Дима рассказал Белоусову о своем выговоре, и они решили написать в обком и В. В. Овечкину. Тот все это знал, но, наученный прошлым' опытом, тут ни во что не вмешивался, занял позицию наблюдателя. "Плетью обуха не перешибешь", - был его ответ. Дело тянулось долго, мешало жить и работать. Было много дурных проверок, а иногда и просто   сплетен. Наконец, в конце декабря 52-го года почти все льговское начальство, Белоусова и Ковалева вызвали на бюро обкома в Курск. Данкова исключают из партии и снимают с работы за порочный стиль руководства. Председателя райисполкома и секретаря - тоже. Прокурора переводят в другой район. Снимают выговор с Ковалева. На какое-то время справедливость восторжествовала. Потом Белоусов работал в Орловской области, распутывая дела похлеще льговских, без поддержки партийных органов. По одному такому делу он дошел до высших инстанций и там не получил поддержки и понимания. В трудную минуту, без семьи, на новом месте работы не выдержал натиска внутренних врагов, ушел из жизни. Общество наше в его лице потеряло человека, которому цены не было. Дима до конца своих дней пронес в сердце светлый его образ. Обдумывая свою жизнь, он записывает в дневнике: "Спешу сказать себе, боюсь, что не успею сказать того главного, что осознанно всей моей жизнью. Начать с Победы. Теперь бы только пожинать плоды ее такому герою, как Семен Белоусов - корреспондент "Курской правды", а это главное только начинается, что приводит к гибели героя уже не на войне с фашистами, а в борьбе с внутренними врагами, присвоившими Победу его над ними себе."

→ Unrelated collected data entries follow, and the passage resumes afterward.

(* Let $M=(W,\bm{\Box},V)$ be a transitive, monotonic and regular neighborhood model, $\Sigma$ a set of formulas closed under subformulas, and $M^{T}_f$ the transitive filtration of $M$ through $\Sigma$. Then $M^{T\bullet}_f=(W_f,\bm{\Box}^{T\bullet}_f,V_f)$ is a filtration of $M$ through $\Sigma$, i.e. $\bm{\Box}^{T\bullet}_f\widetilde{|\varphi|}_M=\widetilde{|\Box\varphi|}_M$ for every formula $\Box\varphi\in\Sigma$.
   Context: A neighborhood model is $M=(W,\bm{\Box},V)$ with $W\neq\varnothing$, $\bm{\Box}:\mathcal P(W)\to\mathcal P(W)$, $V:Var\to\mathcal P(W)$; truth sets: $|p|_M=V(p)$, $|\neg\varphi|_M=W\setminus|\varphi|_M$, $|\varphi\wedge\psi|_M=|\varphi|_M\cap|\psi|_M$, $|\Box\varphi|_M=\bm{\Box}|\varphi|_M$. $M$ is transitive if $\bm{\Box}X\subseteq\bm{\Box}\bm{\Box}X$, monotonic if $X\subseteq Y\Rightarrow\bm{\Box}X\subseteq\bm{\Box}Y$, regular if $\bm{\Box}X\cap\bm{\Box}Y\subseteq\bm{\Box}(X\cap Y)$, for all $X,Y\subseteq W$. For $\Sigma$ closed under subformulas, $w\sim v$ iff $w,v$ satisfy the same formulas of $\Sigma$; $\widetilde w$ is the class of $w$, $W_f=\{\widetilde w:w\in W\}$, $\widetilde X=\{\widetilde w:w\in X\}$, $V_f(p)=\widetilde{|p|}_M$. A filtration of $M$ through $\Sigma$ is a model $(W_f,\bm{\Box}_f,V_f)$ with $\bm{\Box}_f\widetilde{|\varphi|}_M=\widetilde{|\Box\varphi|}_M$ whenever $\Box\varphi\in\Sigma$. The minimal filtration has $\bm{\Box}^{-}_fX=\widetilde{|\Box\varphi|}_M$ if $X=\widetilde{|\varphi|}_M$ for some formula $\Box\varphi\in\Sigma$, and $\varnothing$ otherwise. For a function $\bm{\Box}':\mathcal P(U)\to\mathcal P(U)$: $\widehat{\bm{\Box}'}X=X$ if $X=\bm{\Box}'Y$ for some $Y$, else $\varnothing$; $\bm{\Box}'^{\#}X=\bigcup\{\bm{\Box}'Y:Y\subseteq X\}$; $\bm{\Box}'^{*}X=\bigcup\{\bm{\Box}'X_1\cap\dots\cap\bm{\Box}'X_n:n\ge1,\ X=X_1\cap\dots\cap X_n\}$; $\bm{\Box}'^{\bullet}=\bm{\Box}'^{*\#}$. The transitive filtration has $\bm{\Box}^{T}_fX=\bm{\Box}^{-}_fX\cup\widehat{\bm{\Box}^{-}_f}X$, and $\bm{\Box}^{T\bullet}_f=(\bm{\Box}^{T}_f)^{\bullet}$. *)

theory Defs
  imports Main
begin
(* There is a constant $C>0$ (depending only on $d_{\min}$ and $d_{\max}$) such that for all sufficiently large $n$, for every target set size $t$ and every choice of out-degrees, and for all $k$ with $(1-\frac{1}{e^2})n\le k\le n-1$, the probability that the reverse reachable set of $B$ has exactly $k$ vertices is at most $\frac{C}{n^2}$; i.e., it is $O(\frac{1}{n^2})$.
   Context: Random graph model: $V$ is a set of $n$ vertices, $B\subseteq V$ a target set with $|B|=t$, each $v\in V$ has a prescribed out-degree $d_v$ with $2\le d_{\min}\le d_v\le d_{\max}$ (constants independent of $n$), and for each $v$ independently its out-neighbour set is chosen uniformly at random among all $d_v$-element subsets of $V$. The reverse reachable set of $B$ is the set of vertices having a directed path to a vertex of $B$. *)

theory Defs
  imports "HOL-Probability.Probability"
begin

text \<open>Vertex set V = {..<n}. An out-neighbourhood assignment is a function
  N :: nat => nat set; vertices outside V get the empty set (default of Pi_pmf).\<close>

definition out_nbhd_pmf :: "nat \<Rightarrow> nat \<Rightarrow> nat set pmf" where
  "out_nbhd_pmf n dv = pmf_of_set {S. S \<subseteq> {..<n} \<and> card S = dv}"

definition random_digraph :: "nat \<Rightarrow> (nat \<Rightarrow> nat) \<Rightarrow> (nat \<Rightarrow> nat set) pmf" where
  "random_digraph n d = Pi_pmf {..<n} {} (\<lambda>v. out_nbhd_pmf n (d v))"

definition edges :: "nat \<Rightarrow> (nat \<Rightarrow> nat set) \<Rightarrow> (nat \<times> nat) set" where
  "edges n N = {(u, w). u < n \<and> w \<in> N u}"

definition rev_reach :: "nat \<Rightarrow> (nat \<Rightarrow> nat set) \<Rightarrow> nat set \<Rightarrow> nat set" where
  "rev_reach n N B = {u. u < n \<and> (\<exists>b\<in>B. (u, b) \<in> (edges n N)\<^sup>*)}"

end

theory Submission
  imports Defs
begin

text \<open>If the reverse reachable set of B has k vertices, its complement S, of size m = n - k,
  is closed: every out-neighbour of a vertex of S lies in S. A vertex of S chooses all of its
  d_v >= 2 out-neighbours inside S with probability at most (m/n)^2, and with probability 0 if
  m = 1. A union bound over the (n choose m) candidate sets S bounds the probability by
  (n choose m) (m/n)^(2m) <= (e m/n)^m. Since m <= n/e^2, the ratio e m/n is at most 1/e, so this
  is at most (e m/n)^2 e^(2-m) <= 2 e^4/n^2, using m^2 <= 2 e^m.\<close>

lemma power_div_fact_le_exp:
  fixes x :: real
  assumes "0 \<le> x"
  shows "x ^ k / fact k \<le> exp x"
proof -
  have "x ^ k / fact k = (\<Sum>i\<in>{k}. x ^ i /\<^sub>R fact i)" by (simp add: divide_inverse_commute)
  also have "\<dots> \<le> (\<Sum>i. x ^ i /\<^sub>R fact i)"
    using exp_converges[of x] assms by (intro sum_le_suminf) (auto simp: sums_iff)
  also have "\<dots> = exp x" using exp_converges[of x] by (simp add: sums_iff)
  finally show ?thesis .
qed

lemma binomial_mult_power_le:
  assumes "0 < n"
  shows "real (n choose m) * (real m / real n) ^ (2 * m) \<le> (exp 1 * real m / real n) ^ m"
proof -
  have "real (n choose m) * fact m \<le> real n ^ m"
    using binomial_fact_pow[of n m] by (metis of_nat_fact of_nat_le_iff of_nat_mult of_nat_power)
  then have "real (n choose m) * (real m / real n) ^ (2 * m)
      \<le> real n ^ m / fact m * (real m / real n) ^ (2 * m)"
    by (intro mult_right_mono) (auto simp: le_divide_eq)
  also have "\<dots> = real m ^ m / fact m * (real m / real n) ^ m"
    using assms by (simp add: power_mult power_divide power2_eq_square power_mult_distrib field_simps)
  also have "\<dots> \<le> exp (real m) * (real m / real n) ^ m"
    by (intro mult_right_mono power_div_fact_le_exp) auto
  also have "\<dots> = (exp 1 * real m / real n) ^ m"
    by (simp add: power_mult_distrib power_divide flip: exp_of_nat_mult)
  finally show ?thesis .
qed

lemma exp_mult_ratio_power_le:
  assumes m: "2 \<le> m" and mn: "exp 2 * real m \<le> real n"
  shows "(exp 1 * real m / real n) ^ m \<le> 2 * exp 4 / (real n)\<^sup>2"
proof -
  have "0 < exp 2 * real m" using m by simp
  then have n: "real n > 0" using mn by linarith
  define x where "x = exp 1 * real m / real n"
  have "exp 2 = exp 1 * exp (1::real)" by (simp flip: exp_add)
  then have x: "0 \<le> x" "x \<le> exp (-1)"
    using mn n by (auto simp: x_def field_simps exp_minus)
  have "x ^ m = x\<^sup>2 * x ^ (m - 2)"
    using m by (metis le_add_diff_inverse power_add)
  also have "\<dots> \<le> x\<^sup>2 * exp (-1) ^ (m - 2)"
    using x by (intro mult_left_mono power_mono) auto
  also have "\<dots> = (exp 2 * (real m)\<^sup>2 / (real n)\<^sup>2) * (exp 2 / exp (real m))"
  proof -
    have "x\<^sup>2 = exp 2 * (real m)\<^sup>2 / (real n)\<^sup>2"
      by (simp add: x_def power_mult_distrib power_divide flip: exp_of_nat_mult)
    moreover have "exp (-1) ^ (m - 2) = exp 2 / exp (real m)"
      using m by (simp add: of_nat_diff flip: exp_of_nat_mult exp_diff)
    ultimately show ?thesis by simp
  qed
  also have "\<dots> = exp 4 * ((real m)\<^sup>2 / exp (real m)) / (real n)\<^sup>2"
    by (simp add: field_simps flip: exp_add)
  also have "\<dots> \<le> exp 4 * 2 / (real n)\<^sup>2"
  proof -
    have "(real m)\<^sup>2 / exp (real m) \<le> 2"
      using power_div_fact_le_exp[of "real m" 2] by (simp add: divide_le_eq mult.commute)
    then show ?thesis by (intro divide_right_mono mult_left_mono) auto
  qed
  finally show ?thesis by (simp only: x_def mult.commute)
qed

lemma card_subsets_lessThan: "card {S. S \<subseteq> {..<n} \<and> card S = d} = n choose d"
  using n_subsets[of "{..<n}" d] by simp

lemma card_subsets_lessThan_nonempty:
  assumes "d \<le> n"
  shows "{S. S \<subseteq> {..<n} \<and> card S = d} \<noteq> {}"
  using assms card_subsets_lessThan[of n d] by (metis card.empty zero_less_binomial less_irrefl)

lemma set_pmf_out_nbhd_pmf:
  assumes "d \<le> n"
  shows "set_pmf (out_nbhd_pmf n d) = {S. S \<subseteq> {..<n} \<and> card S = d}"
  unfolding out_nbhd_pmf_def using card_subsets_lessThan_nonempty[OF assms] by simp

lemma prob_out_nbhd_subset:
  assumes "S \<subseteq> {..<n}" "d \<le> n"
  shows "measure_pmf.prob (out_nbhd_pmf n d) (Pow S) = real (card S choose d) / real (n choose d)"
proof -
  have "{X. X \<subseteq> {..<n} \<and> card X = d} \<inter> Pow S = {X. X \<subseteq> S \<and> card X = d}"
    using assms(1) by auto
  moreover have "card {X. X \<subseteq> S \<and> card X = d} = card S choose d"
    using assms(1) by (intro n_subsets) (auto intro: finite_subset)
  ultimately show ?thesis
    unfolding out_nbhd_pmf_def using card_subsets_lessThan_nonempty[OF assms(2)]
    by (simp add: measure_pmf_of_set card_subsets_lessThan)
qed

lemma binomial_ratio_le_power:
  assumes "m \<le> n"
  shows "real (m choose d) / real (n choose d) \<le> (real m / real n) ^ d"
proof (cases "d \<le> m")
  case False
  then show ?thesis by (simp add: binomial_eq_0)
next
  case True
  have "real (m choose d) / real (n choose d) =
      (\<Prod>i = 0..<d. (real (m - i) / real (d - i)) / (real (n - i) / real (d - i)))"
    using True assms by (simp add: binomial_altdef_of_nat prod_dividef)
  also have "\<dots> = (\<Prod>i = 0..<d. real (m - i) / real (n - i))"
    by (intro prod.cong) auto
  also have "\<dots> \<le> (\<Prod>i = 0..<d. real m / real n)"
  proof (rule prod_mono)
    fix i assume "i \<in> {0..<d}"
    then have i: "i < d" "0 < real (n - i)" "0 < real n" using True assms by auto
    have "real (m - i) * real n \<le> real m * real (n - i)"
      using i True assms by (simp add: of_nat_diff algebra_simps mult_left_mono)
    then show "0 \<le> real (m - i) / real (n - i) \<and> real (m - i) / real (n - i) \<le> real m / real n"
      using i by (simp add: field_simps)
  qed
  finally show ?thesis by simp
qed

lemma prob_out_nbhd_subset_le:
  assumes "S \<subseteq> {..<n}" "2 \<le> d" "d \<le> n"
  shows "measure_pmf.prob (out_nbhd_pmf n d) (Pow S) \<le> (real (card S) / real n)\<^sup>2"
proof -
  have "card S \<le> n" using assms(1) by (metis card_lessThan card_mono finite_lessThan)
  then have "measure_pmf.prob (out_nbhd_pmf n d) (Pow S) \<le> (real (card S) / real n) ^ d"
    using prob_out_nbhd_subset[OF assms(1,3)] binomial_ratio_le_power by simp
  also have "\<dots> \<le> (real (card S) / real n)\<^sup>2"
    using \<open>card S \<le> n\<close> assms(2) by (intro power_decreasing) (auto simp: divide_le_eq)
  finally show ?thesis .
qed

lemma prob_out_nbhd_subset_eq_0:
  assumes "S \<subseteq> {..<n}" "card S < d" "d \<le> n"
  shows "measure_pmf.prob (out_nbhd_pmf n d) (Pow S) = 0"
  using prob_out_nbhd_subset[OF assms(1,3)] assms(2) by (simp add: binomial_eq_0)

lemma random_digraph_out_nbhd_subset:
  assumes "N \<in> set_pmf (random_digraph n d)" "v < n" "d v \<le> n"
  shows "N v \<subseteq> {..<n}"
proof -
  have "N \<in> PiE_dflt {..<n} {} (set_pmf \<circ> (\<lambda>v. out_nbhd_pmf n (d v)))"
    using assms(1) by (simp add: random_digraph_def set_Pi_pmf)
  then have "N v \<in> set_pmf (out_nbhd_pmf n (d v))"
    using assms(2) by (simp add: PiE_dflt_def)
  then show ?thesis using set_pmf_out_nbhd_pmf[OF assms(3)] by auto
qed
(* For all $s\in\mathbb{Z}$ and each $x\in V_{\alpha_s}$, $g_{\alpha_s}(x)=a_{\alpha_{s+1}}(b_{\alpha_s}(x))$.
   Context: Fix $d\ge1$, $\lambda>0$, scales $\alpha_s=\lambda 2^s$ ($s\in\mathbb{Z}$), and grids $G_{\alpha_s}\subset\mathbb{R}^d$ with $G_{\alpha_0}=\lambda\mathbb{Z}^d$ and $G_{\alpha_{s+1}}=2(G_{\alpha_s}-O_s)+O_s+\frac{\alpha_s}{2}\varepsilon_s$ for some $O_s\in G_{\alpha_s}$, $\varepsilon_s\in\{-1,1\}^d$. $\mathrm{Vor}_G(x)$ is the Voronoi cell of $x$ in the grid $G$ (closed cube of side $\alpha_s$ centered at $x$ for $G=G_{\alpha_s}$). The vertex map $g_{\alpha_s}:G_{\alpha_s}\to G_{\alpha_{s+1}}$ sends $x$ to the unique $y\in G_{\alpha_{s+1}}$ with $x\in \mathrm{Vor}_{G_{\alpha_{s+1}}}(y)$. Let $P\subset\mathbb{R}^d$ be finite. For $p\in P$, $a_{\alpha_s}(p)$ is the grid point of $G_{\alpha_s}$ whose Voronoi cell contains $p$ (assumed unique). The active vertices are $V_{\alpha_s}:=a_{\alpha_s}(P)$. For $v\in V_{\alpha_s}$, $b_{\alpha_s}(v)$ is the point of $P\cap \mathrm{Vor}_{G_{\alpha_s}}(v)$ closest to $v$, ties broken by a fixed total order on $P$. *)

theory Defs
  imports "HOL-Analysis.Analysis"
begin

definition scale :: "real \<Rightarrow> int \<Rightarrow> real" where
  "scale lam s = lam * 2 powr (real_of_int s)"

definition voronoi :: "('a::metric_space) set \<Rightarrow> 'a \<Rightarrow> 'a set" where
  "voronoi G x = {y. \<forall>z\<in>G. dist y x \<le> dist y z}"

text \<open>The grid point of G whose Voronoi cell contains p (a_alpha(p); also used for the
  vertex map g_alpha, which sends x to the point of the next grid whose cell contains x).\<close>
definition grid_point :: "('a::metric_space) set \<Rightarrow> 'a \<Rightarrow> 'a" where
  "grid_point G p = (THE v. v \<in> G \<and> p \<in> voronoi G v)"

definition vertex_map :: "('a::metric_space) set \<Rightarrow> 'a \<Rightarrow> 'a" where
  "vertex_map G' x = (THE y. y \<in> G' \<and> x \<in> voronoi G' y)"

definition rep_point :: "('a::metric_space) set \<Rightarrow> ('a \<times> 'a) set \<Rightarrow> 'a set \<Rightarrow> 'a \<Rightarrow> 'a" where
  "rep_point P R G v = (THE p. p \<in> P \<inter> voronoi G v \<and>
      (\<forall>q \<in> P \<inter> voronoi G v. dist p v < dist q v \<or> (dist p v = dist q v \<and> (p, q) \<in> R)))"

end

theory Submission
  imports Defs
begin

(* Each grid G_s is a translate of the cubic lattice of spacing a = alpha_s, so its Voronoi
   cells are the closed cubes of side a. Seen from a point x of G_s, every coordinate of a
   point of G_(s+1) is offset by an odd multiple of a/2 (this is the shift (a/2) eps_s), so some
   y in G_(s+1) has |x_i - y_i| = a/2 < alpha_(s+1)/2 for all i: x lies in the interior of the
   cell of y, hence g(x) = y. Any p in the cell of x has |p_i - x_i| <= a/2, hence
   |p_i - y_i| <= a = alpha_(s+1)/2, so p lies in the cell of y and a_(s+1)(p) = y. This
   applies to p = b(x); the tie-breaking order only makes b(x) well defined. *)

definition cubic_lattice :: "real^'n \<Rightarrow> real \<Rightarrow> (real^'n) set" where
  "cubic_lattice c a = {y. \<forall>i. \<exists>k::int. y$i = c$i + a * of_int k}"

lemma cubic_lattice_diff:
  assumes "y \<in> cubic_lattice c a" "z \<in> cubic_lattice c a"
  obtains k :: int where "z$i - y$i = a * of_int k"
proof -
  obtain m n :: int where "y$i = c$i + a * of_int m" "z$i = c$i + a * of_int n"
    using assms unfolding cubic_lattice_def by blast
  then have "z$i - y$i = a * of_int (n - m)" by (simp add: algebra_simps)
  then show thesis by (rule that)
qed

lemma cubic_lattice_add_axis:
  assumes "y \<in> cubic_lattice c a"
  shows "y + (a * of_int m) *\<^sub>R axis i 1 \<in> cubic_lattice c a"
  unfolding cubic_lattice_def
proof (intro CollectI allI)
  fix j
  obtain k :: int where "y$j = c$j + a * of_int k" using assms unfolding cubic_lattice_def by blast
  then have "(y + (a * of_int m) *\<^sub>R axis i 1)$j = c$j + a * of_int (if j = i then k + m else k)"
    by (simp add: axis_def algebra_simps)
  then show "\<exists>k::int. (y + (a * of_int m) *\<^sub>R axis i 1)$j = c$j + a * of_int k" ..
qed

lemma scaleR_image_cubic_lattice:
  assumes "r \<noteq> 0"
  shows "(\<lambda>y. r *\<^sub>R y + w) ` cubic_lattice c a = cubic_lattice (r *\<^sub>R c + w) (r * a)"
proof (intro equalityI subsetI)
  fix z assume "z \<in> (\<lambda>y. r *\<^sub>R y + w) ` cubic_lattice c a"
  then obtain y where y: "y \<in> cubic_lattice c a" and z: "z = r *\<^sub>R y + w" by blast
  show "z \<in> cubic_lattice (r *\<^sub>R c + w) (r * a)"
    unfolding cubic_lattice_def
  proof (intro CollectI allI)
    fix i
    obtain k :: int where "y$i = c$i + a * of_int k" using y unfolding cubic_lattice_def by blast
    then show "\<exists>k::int. z$i = (r *\<^sub>R c + w)$i + r * a * of_int k"
      using z by (auto simp: algebra_simps)
  qed
next
  fix z assume z: "z \<in> cubic_lattice (r *\<^sub>R c + w) (r * a)"
  have "(1/r) *\<^sub>R (z - w) \<in> cubic_lattice c a"
    using z assms unfolding cubic_lattice_def by (auto simp: field_simps)
  moreover have "z = r *\<^sub>R ((1/r) *\<^sub>R (z - w)) + w" using assms by simp
  ultimately show "z \<in> (\<lambda>y. r *\<^sub>R y + w) ` cubic_lattice c a" by blast
qed

lemma scale_succ: "scale lam (t + 1) = 2 * scale lam t"
  by (simp add: scale_def powr_add)

lemma grids_cubic_lattices:
  assumes "G 0 = cubic_lattice 0 lam" "\<And>t. G (t + 1) = (\<lambda>y. 2 *\<^sub>R y + w t) ` G t"
  shows "\<exists>c. G t = cubic_lattice c (scale lam t)"
proof (induction t rule: int_induct[where k = 0])
  case base
  then show ?case using assms(1) by (auto simp: scale_def)
next
  case (step1 t)
  then obtain c where "G t = cubic_lattice c (scale lam t)" by blast
  then have "G (t + 1) = cubic_lattice (2 *\<^sub>R c + w t) (scale lam (t + 1))"
    using assms(2)[of t] by (simp add: scaleR_image_cubic_lattice scale_succ)
  then show ?case ..
next
  case (step2 t)
  then obtain c where c: "G t = cubic_lattice c (scale lam t)" by blast
  let ?f = "\<lambda>y. 2 *\<^sub>R y + w (t - 1)"
  have "?f ` G (t - 1) = ?f ` cubic_lattice ((1/2) *\<^sub>R (c - w (t - 1))) (scale lam (t - 1))"
    using assms(2)[of "t - 1"] c scale_succ[of lam "t - 1"]
    by (simp add: scaleR_image_cubic_lattice)
  moreover have "inj ?f" by (rule injI) simp
  ultimately show ?case by (auto simp: inj_image_eq_iff)
qed

lemma power2_norm_diff_scaleR_axis:
  fixes u :: "real^'n"
  shows "(norm (u - t *\<^sub>R axis i 1))\<^sup>2 = (norm u)\<^sup>2 - 2 * t * u$i + t\<^sup>2"
  unfolding power2_norm_eq_inner
  by (simp add: inner_axis inner_axis' inner_commute power2_eq_square algebra_simps)

lemma voronoi_cubic_lattice:
  assumes "a > 0" "y \<in> cubic_lattice c a"
  shows "voronoi (cubic_lattice c a) y = {p. \<forall>i. \<bar>p$i - y$i\<bar> \<le> a/2}"
proof (intro equalityI subsetI CollectI allI)
  fix p i assume p: "p \<in> voronoi (cubic_lattice c a) y"
  have "(norm (p - y))\<^sup>2 \<le> (norm (p - y - (a * of_int m) *\<^sub>R axis i 1))\<^sup>2" for m :: int
    using p cubic_lattice_add_axis[OF assms(2), of m i] unfolding voronoi_def dist_norm
    by (auto simp: diff_diff_eq)
  from this[of 1] this[of "-1"]
  have "a * (2 * (p$i - y$i)) \<le> a * a" "a * (2 * (y$i - p$i)) \<le> a * a"
    unfolding power2_norm_diff_scaleR_axis by (simp_all add: power2_eq_square algebra_simps)
  then have "2 * (p$i - y$i) \<le> a" "2 * (y$i - p$i) \<le> a"
    using assms(1) by (simp_all add: mult_le_cancel_left_pos)
  then show "\<bar>p$i - y$i\<bar> \<le> a/2" by (auto simp: abs_if)
next
  fix p assume p: "p \<in> {p. \<forall>i. \<bar>p$i - y$i\<bar> \<le> a/2}"
  have "dist p y \<le> dist p z" if z: "z \<in> cubic_lattice c a" for z
    unfolding dist_norm
  proof (rule norm_le_componentwise_cart)
    fix i
    obtain k :: int where k: "z$i - y$i = a * of_int k" using cubic_lattice_diff[OF assms(2) z] .
    have "k = 0 \<or> 1 \<le> \<bar>of_int k :: real\<bar>" by linarith
    then have "z$i = y$i \<or> a \<le> \<bar>z$i - y$i\<bar>" using k assms(1) by (auto simp: abs_mult)
    moreover have "\<bar>p$i - y$i\<bar> \<le> a/2" using p by simp
    ultimately show "norm ((p - y)$i) \<le> norm ((p - z)$i)"
      using assms(1) by (auto simp: abs_if split: if_splits)
  qed
  then show "p \<in> voronoi (cubic_lattice c a) y" unfolding voronoi_def by blast
qed

lemma voronoi_cubic_lattice_unique:
  assumes "a > 0" "y \<in> cubic_lattice c a" "z \<in> cubic_lattice c a"
    and "p \<in> voronoi (cubic_lattice c a) z" "\<And>i. \<bar>p$i - y$i\<bar> < a/2"
  shows "z = y"
  unfolding vec_eq_iff
proof
  fix i
  obtain k :: int where k: "z$i - y$i = a * of_int k" using cubic_lattice_diff[OF assms(2,3)] .
  have "\<bar>p$i - z$i\<bar> \<le> a/2" using assms(1,3,4) by (simp add: voronoi_cubic_lattice)
  then have "\<bar>z$i - y$i\<bar> < a"
    using abs_triangle_ineq[of "z$i - p$i" "p$i - y$i"] abs_minus_commute[of "z$i" "p$i"] assms(5)[of i]
    by linarith
  moreover have "\<bar>z$i - y$i\<bar> = a * \<bar>of_int k\<bar>" using k assms(1) by (simp add: abs_mult)
  ultimately have "a * \<bar>of_int k\<bar> < a * 1" by simp
  then have "k = 0" using assms(1) by (simp add: mult_less_cancel_left_pos)
  then show "z$i = y$i" using k by simp
qed

lemma voronoi_cubic_lattice_subset_coarse:
  assumes "a > 0" "x \<in> cubic_lattice c a" "y \<in> cubic_lattice c' (2 * a)"
    and "\<And>i. \<bar>x$i - y$i\<bar> \<le> a/2"
  shows "voronoi (cubic_lattice c a) x \<subseteq> voronoi (cubic_lattice c' (2 * a)) y"
proof
  fix p assume p: "p \<in> voronoi (cubic_lattice c a) x"
  have "\<bar>p$i - y$i\<bar> \<le> 2 * a / 2" for i
  proof -
    have "\<bar>p$i - x$i\<bar> \<le> a/2" using p assms(1,2) by (simp add: voronoi_cubic_lattice)
    then show ?thesis using abs_triangle_ineq[of "p$i - x$i" "x$i - y$i"] assms(4)[of i] by simp
  qed
  then show "p \<in> voronoi (cubic_lattice c' (2 * a)) y"
    using assms(1,3) by (simp add: voronoi_cubic_lattice)
qed

lemma exists_int_half_offset:
  fixes k :: int and e :: real
  assumes "e \<in> {-1, 1}"
  shows "\<exists>j::int. \<bar>of_int (2 * j - k) + e / 2\<bar> = 1 / 2"
proof (cases "e = 1")
  case True
  have "\<exists>j::int. 2 * j - k = 0 \<or> 2 * j - k = -1" by presburger
  then obtain j :: int where "2 * j - k = 0 \<or> 2 * j - k = -1" by blast
  then have "\<bar>of_int (2 * j - k) + e / 2\<bar> = 1 / 2" using True by (elim disjE) simp_all
  then show ?thesis ..
next
  case False
  then have "e = -1" using assms by simp
  have "\<exists>j::int. 2 * j - k = 0 \<or> 2 * j - k = 1" by presburger
  then obtain j :: int where "2 * j - k = 0 \<or> 2 * j - k = 1" by blast
  then have "\<bar>of_int (2 * j - k) + e / 2\<bar> = 1 / 2" using \<open>e = -1\<close> by (elim disjE) simp_all
  then show ?thesis ..
qed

А нам борьба за торжество справедливости досталась ценой потери второго сына, который родился в это лихолетье. Скорбь от этой потери немного утихла лишь тогда, когда у нас родился третий сын, слабый, болезненный ребенок, но настолько драгоценный, что, выхаживая его, я забыла, что на свете есть жизнь за стенами нашего дома.

 

Овечкин, хотя и стоял в стороне от этого дела и не вмешивался в конфликт с Данковым, но в нем зрело более глубокое осмысление жизни Льговского района. Ведь недаром он приехал пожить в такую сельскохозяйственную глубинку. Хотелось все увидеть своими глазами и понять то, что не давало покоя, не находило выхода в литературу. До этого конфликта он уже многое успел разглядеть в главном партийном руководителе, побывав на пленумах, активах. Побывал во многих колхозах района, на колхозных собраниях, вволю наговорился с колхозниками и их председателями. Убедился, что колхозами у нас во многом управляют негодные люди негодными методами. Назрела необходимость менять отношение к труженику земли, начиная с низших до высших партийных работников, менять оценку оплаты труда в колхозах и порядок хлебопоставок. Вот тот материал, из которого рождались его "Районные будни", В письме от 11 марта 1945-го года В. В. пишет: "Дорогой Дима! Прости, что не ответил сразу на твое письмо - замотался, работал, ездил. После каждого нового раздела очерков, отосланного в печать, успокоение не проходит. Тут же, с ноги, принимаюсь за новые главы - как-то сильно "повело" меня по этому циклу. Очень много назрело вопросов и сейчас, после секретарского пленума, по которым совершенно необходимо высказаться немедля, чтобы как-то помочь делу.

 

Читал в N 3 "Нового мира" - "В том же районе"? То, что было в "Правде" "На одном собрании" - главы оттуда. Как? Что говорят читатели об этих вещах?.. Узнал в одной главе из того, что напечатано в "Новом мире", Семена Белоусова и его жену?"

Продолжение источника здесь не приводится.